However, he was no stranger to the rhythm of the Court’s life. He had clerked for Rehnquist, and, as Stevens had told the audience that morning, Roberts had represented the United States in the Supreme Court as a principal deputy solicitor general, and had been one of the premier advocates before the Court as a lawyer in private practice. Like many aspects of life at the Court, there was a well-known script to follow. Roberts knew it and used it to ease himself through a very difficult time.
Experience also had helped Roberts get through the political endurance test of his confirmation hearings. He had previously faced the Senate Judiciary Committee. President George W. Bush nominated him in 2001 for a seat on the District of Columbia federal appellate court, but his nomination was never voted on by the Democratic-controlled Senate Judiciary Committee. He had proven his partisan bona fides when, in the legal battles over the Florida presidential
balloting in 2000, he played a role on the legal team defending candidate George W. Bush. And Bush and his top aides remembered him. Bush renominated him in 2003 and Roberts was confirmed by a voice vote in the Republican-controlled Senate.
In his memoir, Decision Points, Bush described Roberts as a “genuine man with a gentle soul.” The president wrote: “I believed Roberts would be a natural leader. I didn’t worry about him drifting away from his principles over time. He described his philosophy of judicial modesty with a baseball analogy that stuck with me: ‘A good judge is like an umpire—and no umpire thinks he is the most important person on the field.’ ”6
Bush’s concern about a justice “drifting” from his principles stemmed, he wrote, from his father’s disappointment with the appointment of Justice David Souter who, in his second term, began to move to the Court’s left and remained there until his retirement in 2009.

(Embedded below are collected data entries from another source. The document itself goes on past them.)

locale subgaussian_empirical_process =
  fixes P :: "'a::topological_space measure" and M :: "'o measure" and Y :: "nat \<Rightarrow> 'o \<Rightarrow> 'a"
    and c :: real
  assumes prob_P: "prob_space P" and sets_P: "sets P = sets borel"
    and prob_M: "prob_space M" and Y_measurable: "\<And>n. Y n \<in> measurable M borel"
    and c_ge_1: "1 \<le> c"
    and tail: "\<And>f n x \<sigma>. f \<in> borel_measurable borel \<Longrightarrow> (\<forall>z. \<bar>f z\<bar> \<le> 1) \<Longrightarrow> 0 < x \<Longrightarrow> 0 < \<sigma>
        \<Longrightarrow> (\<integral>z. (f z)\<^sup>2 \<partial>P) \<le> \<sigma>
        \<Longrightarrow> measure M {\<omega>\<in>space M. \<bar>emp_proc P Y n f \<omega>\<bar> > x} \<le> c * exp (-(x\<^sup>2/(c*\<sigma>)))"
begin

lemma integrable_P_of_bounded:
  assumes "f \<in> borel_measurable borel" "\<And>z. \<bar>f z\<bar> \<le> (B::real)"
  shows "integrable P f"
proof -
  interpret prob_space P by (rule prob_P)
  show ?thesis
    using assms by (intro integrable_const_bound[of _ B]) (auto simp: measurable_cong_sets[OF sets_P refl])
qed

lemma emp_proc_measurable:
  assumes "f \<in> borel_measurable borel"
  shows "emp_proc P Y n f \<in> borel_measurable M"
proof -
  have "(\<lambda>\<omega>. f (Y j \<omega>)) \<in> borel_measurable M" for j by (rule measurable_compose[OF Y_measurable assms])
  then show ?thesis unfolding emp_proc_def[abs_def]
    by (intro borel_measurable_times borel_measurable_const borel_measurable_sum borel_measurable_diff) auto
qed

lemma emp_proc_lincomb:
  assumes "f \<in> borel_measurable borel" "\<And>z. \<bar>f z\<bar> \<le> Bf" "g \<in> borel_measurable borel" "\<And>z. \<bar>g z\<bar> \<le> Bg"
  shows "emp_proc P Y n (\<lambda>z. a * f z + b * g z) \<omega> = a * emp_proc P Y n f \<omega> + b * emp_proc P Y n g \<omega>"
proof -
  have "integral\<^sup>L P (\<lambda>z. a * f z + b * g z) = a * integral\<^sup>L P f + b * integral\<^sup>L P g"
    using integrable_P_of_bounded[OF assms(1,2)] integrable_P_of_bounded[OF assms(3,4)] by simp
  then show ?thesis
    unfolding emp_proc_def by (simp add: sum.distrib sum_distrib_left algebra_simps sum_subtractf)
qed

lemma emp_proc_diff:
  assumes "f \<in> borel_measurable borel" "\<And>z. \<bar>f z\<bar> \<le> Bf" "g \<in> borel_measurable borel" "\<And>z. \<bar>g z\<bar> \<le> Bg"
  shows "emp_proc P Y n (\<lambda>z. f z - g z) \<omega> = emp_proc P Y n f \<omega> - emp_proc P Y n g \<omega>"
  using emp_proc_lincomb[OF assms, where a=1 and b="-1"] by simp

lemma abs_emp_proc_le_of_dominated:
  assumes n: "0 < n" and f: "f \<in> borel_measurable borel" "\<And>z. \<bar>f z\<bar> \<le> Bf"
    and b: "b \<in> borel_measurable borel" "\<And>z. \<bar>b z\<bar> \<le> Bg" and f_le_b: "\<And>z. \<bar>f z\<bar> \<le> b z"
  shows "\<bar>emp_proc P Y n f \<omega>\<bar> \<le> emp_proc P Y n b \<omega> + 2 * sqrt n * integral\<^sup>L P b"
proof -
  have "\<bar>integral\<^sup>L P f\<bar> \<le> integral\<^sup>L P (\<lambda>z. \<bar>f z\<bar>)" by (rule integral_abs_bound)
  also have "\<dots> \<le> integral\<^sup>L P b"
    using integrable_P_of_bounded[OF f] integrable_P_of_bounded[OF b] f_le_b by (intro integral_mono) auto
  finally have int_f: "\<bar>integral\<^sup>L P f\<bar> \<le> integral\<^sup>L P b" .
  have "\<bar>f (Y j \<omega>) - integral\<^sup>L P f\<bar> \<le> b (Y j \<omega>) + integral\<^sup>L P b" for j
    using int_f f_le_b[of "Y j \<omega>"] by linarith
  then have "\<bar>\<Sum>j=1..n. (f (Y j \<omega>) - integral\<^sup>L P f)\<bar> \<le> (\<Sum>j=1..n. (b (Y j \<omega>) + integral\<^sup>L P b))"
    by (intro order_trans[OF sum_abs] sum_mono)
  also have "\<dots> = (\<Sum>j=1..n. (b (Y j \<omega>) - integral\<^sup>L P b)) + sqrt n * sqrt n * (2 * integral\<^sup>L P b)"
    by (simp add: sum.distrib sum_subtractf algebra_simps)
  finally have "\<bar>\<Sum>j=1..n. (f (Y j \<omega>) - integral\<^sup>L P f)\<bar> / sqrt n
      \<le> ((\<Sum>j=1..n. (b (Y j \<omega>) - integral\<^sup>L P b)) + sqrt n * sqrt n * (2 * integral\<^sup>L P b)) / sqrt n"
    by (intro divide_right_mono) simp_all
  moreover have "real n * x / sqrt n = sqrt n * x" for x
    by (metis real_div_sqrt of_nat_0_le_iff times_divide_eq_left)
  ultimately show ?thesis
    using n unfolding emp_proc_def by (simp add: abs_mult add_divide_distrib)
qed

definition moment_const :: real where "moment_const = c\<^sup>2 * (4 + 16*c)"

lemma moment_const_nonneg: "0 \<le> moment_const"
  using c_ge_1 unfolding moment_const_def by simp

lemma emp_proc_fourth_moment_le:
  assumes f: "f \<in> borel_measurable borel" "\<And>z. \<bar>f z\<bar> \<le> 1" and \<sigma>: "0 < \<sigma>" "(\<integral>z. (f z)\<^sup>2 \<partial>P) \<le> \<sigma>"
  shows "(\<integral>\<^sup>+\<omega>. ennreal ((emp_proc P Y n f \<omega>)^4) \<partial>M) \<le> ennreal (moment_const * \<sigma>\<^sup>2)"
proof -
  interpret prob_space M by (rule prob_M)
  have "(\<integral>\<^sup>+\<omega>. ennreal ((emp_proc P Y n f \<omega>)^4) \<partial>M) \<le> ennreal ((c*\<sigma>)\<^sup>2 * (4 + 16*c))"
    using f \<sigma> c_ge_1 by (intro fourth_moment_le_of_subgaussian_tail tail emp_proc_measurable) auto
  then show ?thesis by (simp add: moment_const_def power_mult_distrib mult_ac)
qed

definition max_fourth_bound :: "nat \<Rightarrow> nat \<Rightarrow> 'i set \<Rightarrow> ('i \<Rightarrow> 'a \<Rightarrow> real) \<Rightarrow> 'o \<Rightarrow> real" where
  "max_fourth_bound n k I f \<omega> = (1/2)^k + 8^k * (\<Sum>i\<in>I. (emp_proc P Y n (f i) \<omega>)^4)"

lemma abs_emp_proc_le_max_fourth_bound:
  assumes "finite I" "i \<in> I"
  shows "\<bar>emp_proc P Y n (f i) \<omega>\<bar> \<le> max_fourth_bound n k I f \<omega>"
proof -
  have "((1/2::real)^k)^3 = 1 / 8^k" by (simp add: power_mult[symmetric] mult.commute[of k] power_mult power_divide)
  then show ?thesis
    using abs_le_add_sum_fourth_powers[OF assms, of "(1/2)^k" "\<lambda>i. emp_proc P Y n (f i) \<omega>"]
    by (simp add: max_fourth_bound_def mult.commute)
qed

lemma max_fourth_bound_nonneg: "0 \<le> max_fourth_bound n k I f \<omega>"
  unfolding max_fourth_bound_def by (simp add: sum_nonneg)

lemma max_fourth_bound_measurable:
  "(\<And>i. i \<in> I \<Longrightarrow> f i \<in> borel_measurable borel) \<Longrightarrow> max_fourth_bound n k I f \<in> borel_measurable M"
  unfolding max_fourth_bound_def[abs_def] by (intro borel_measurable_add borel_measurable_times
      borel_measurable_const borel_measurable_sum borel_measurable_power emp_proc_measurable) auto

lemma nn_integral_max_fourth_bound_le:
  assumes I: "finite I" "card I \<le> 16^k + 1"
    and f: "\<And>i. f i \<in> borel_measurable borel" "\<And>i z. i \<in> I \<Longrightarrow> \<bar>f i z\<bar> \<le> 1"
    and s: "0 < s" "s \<le> 16" "\<And>i. i \<in> I \<Longrightarrow> (\<integral>z. (f i z)\<^sup>2 \<partial>P) \<le> s / 16^k"
  shows "(\<integral>\<^sup>+\<omega>. ennreal (max_fourth_bound n k I f \<omega>) \<partial>M) \<le> ennreal ((1/2)^k * (1 + 512 * moment_const))"
proof -
  interpret prob_space M by (rule prob_M)
  define S where "S \<omega> = (\<Sum>i\<in>I. (emp_proc P Y n (f i) \<omega>)^4)" for \<omega>
  have S_measurable: "S \<in> borel_measurable M"
    unfolding S_def[abs_def] by (intro borel_measurable_sum borel_measurable_power emp_proc_measurable f(1))
  have "(\<integral>\<^sup>+\<omega>. ennreal (S \<omega>) \<partial>M) = (\<Sum>i\<in>I. \<integral>\<^sup>+\<omega>. ennreal ((emp_proc P Y n (f i) \<omega>)^4) \<partial>M)"
    unfolding S_def using emp_proc_measurable[OF f(1)]
    by (simp add: sum_ennreal[symmetric] del: sum_ennreal) (rule nn_integral_sum, auto)
  also have "\<dots> \<le> (\<Sum>i\<in>I. ennreal (moment_const * (s / 16^k)\<^sup>2))"
    using f s by (intro sum_mono emp_proc_fourth_moment_le) auto
  also have "\<dots> \<le> ennreal ((16^k + 1) * moment_const * (s / 16^k)\<^sup>2)"
  proof -
    have "real (card I) \<le> real (16^k + 1)" using I(2) by (simp only: of_nat_le_iff)
    then have "real (card I) \<le> 16^k + 1" by simp
    then show ?thesis
      using mult_right_mono[of "real (card I)" "16^k + 1" "moment_const * (s / 16^k)\<^sup>2"] moment_const_nonneg
      by (simp add: ennreal_of_nat_eq_real_of_nat ennreal_mult[symmetric] ennreal_leI mult.assoc)
  qed
  finally have "(\<integral>\<^sup>+\<omega>. ennreal (max_fourth_bound n k I f \<omega>) \<partial>M)
      \<le> ennreal ((1/2)^k) + ennreal (8^k) * ennreal ((16^k + 1) * moment_const * (s / 16^k)\<^sup>2)"
    unfolding max_fourth_bound_def S_def[symmetric]
    using S_measurable[unfolded S_def[abs_def]] by (intro nn_integral_affine_le) (auto simp: S_def sum_nonneg)
  also have "\<dots> \<le> ennreal ((1/2)^k) + ennreal (512 * moment_const * (1/2)^k)"
    using grid_fourth_moment_scaling[OF moment_const_nonneg, of s k] s moment_const_nonneg
    by (simp add: ennreal_mult[symmetric] ennreal_leI)
  also have "\<dots> = ennreal ((1/2)^k * (1 + 512 * moment_const))"
    using moment_const_nonneg by (simp add: ennreal_plus[symmetric] algebra_simps del: ennreal_plus)
  finally show ?thesis .
qed

end

locale truncated_weight_family = subgaussian_empirical_process P M Y c
  for P :: "'a::topological_space measure" and M :: "'o measure" and Y c +
  fixes w :: "'a \<Rightarrow> real" and w_max :: real
  assumes w_measurable[measurable]: "w \<in> borel_measurable borel"
    and w_nonneg: "\<And>x. 0 \<le> w x" and w_le_max: "\<And>x. w x \<le> w_max"
begin

definition trunc_weight :: "real \<Rightarrow> 'a \<Rightarrow> real" where
  "trunc_weight u z = min 1 (u * w z)"

definition weight_support :: "'a \<Rightarrow> real" where
  "weight_support z = (if 0 < w z then 1 else 0)"

definition mean_trunc :: "real \<Rightarrow> real" where
  "mean_trunc u = (\<integral>z. trunc_weight u z \<partial>P)"

definition reachable :: "real \<Rightarrow> bool" where
  "reachable v \<longleftrightarrow> (\<exists>u\<ge>0. v \<le> mean_trunc u)"

definition mean_trunc_inv :: "real \<Rightarrow> real" where
  "mean_trunc_inv v = Inf {u. 0 \<le> u \<and> v \<le> mean_trunc u}"

lemma w_max_nonneg: "0 \<le> w_max"
  using w_nonneg w_le_max order_trans by blast

lemma trunc_weight_measurable[measurable]: "trunc_weight u \<in> borel_measurable borel"
  unfolding trunc_weight_def by measurable

lemma weight_support_measurable[measurable]: "weight_support \<in> borel_measurable borel"
  unfolding weight_support_def by measurable

lemma trunc_weight_nonneg: "0 \<le> u \<Longrightarrow> 0 \<le> trunc_weight u z"
  unfolding trunc_weight_def using w_nonneg by simp

lemma trunc_weight_le_one: "trunc_weight u z \<le> 1"
  unfolding trunc_weight_def by simp

lemma abs_trunc_weight_le_one: "0 \<le> u \<Longrightarrow> \<bar>trunc_weight u z\<bar> \<le> 1"
  using trunc_weight_nonneg trunc_weight_le_one by (simp add: abs_le_iff)

lemma trunc_weight_mono: "0 \<le> u \<Longrightarrow> u \<le> u' \<Longrightarrow> trunc_weight u z \<le> trunc_weight u' z"
  unfolding trunc_weight_def using w_nonneg[of z] by (simp add: min.coboundedI2 mult_right_mono)

lemma trunc_weight_le_support: "0 \<le> u \<Longrightarrow> trunc_weight u z \<le> weight_support z"
  unfolding trunc_weight_def weight_support_def using w_nonneg[of z] by auto

lemma integrable_trunc_weight: "integrable P (trunc_weight u)"
proof (rule integrable_P_of_bounded)
  fix z
  have "\<bar>u * w z\<bar> \<le> \<bar>u\<bar> * w_max"
    using w_nonneg[of z] w_le_max[of z] by (simp add: abs_mult mult_left_mono)
  then show "\<bar>trunc_weight u z\<bar> \<le> max 1 (\<bar>u\<bar> * w_max)"
    unfolding trunc_weight_def by (auto simp: abs_le_iff min_def max_def)
qed simp

lemma integrable_weight_support: "integrable P weight_support"
  by (rule integrable_P_of_bounded[of _ 1]) (simp_all add: weight_support_def)

lemma integral_trunc_weight_diff:
  "(\<integral>z. trunc_weight a z - trunc_weight b z \<partial>P) = mean_trunc a - mean_trunc b"
  unfolding mean_trunc_def using integrable_trunc_weight by simp

lemma mean_trunc_zero: "mean_trunc 0 = 0"
  by (simp add: mean_trunc_def trunc_weight_def)

lemma mean_trunc_nonneg: "0 \<le> u \<Longrightarrow> 0 \<le> mean_trunc u"
  unfolding mean_trunc_def by (intro integral_nonneg_AE) (simp add: trunc_weight_nonneg)

lemma mean_trunc_mono: "0 \<le> u \<Longrightarrow> u \<le> u' \<Longrightarrow> mean_trunc u \<le> mean_trunc u'"
  unfolding mean_trunc_def by (intro integral_mono integrable_trunc_weight trunc_weight_mono)

lemma mean_trunc_le_one: "mean_trunc u \<le> 1"
proof -
  interpret prob_space P by (rule prob_P)
  have "mean_trunc u \<le> (\<integral>z. 1 \<partial>P)"
    unfolding mean_trunc_def by (intro integral_mono integrable_trunc_weight) (simp_all add: trunc_weight_le_one)
  then show ?thesis by (simp add: prob_space)
qed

Roberts was one of five finalists, and not the top choice of some of Bush’s staff. White House counsel Harriet Miers preferred Samuel Alito Jr., a judge on the U.S. Court of Appeals for the Third Circuit. Attorney General Alberto Gonzales and Vice President Dick Cheney wanted Michael Luttig, a judge on the U.S. Court of Appeals for the Fourth Circuit. In the end, however, the “tiebreaker” question, according to Bush, was who would be the most effective leader on the Court, and the answer was, he believed, Roberts.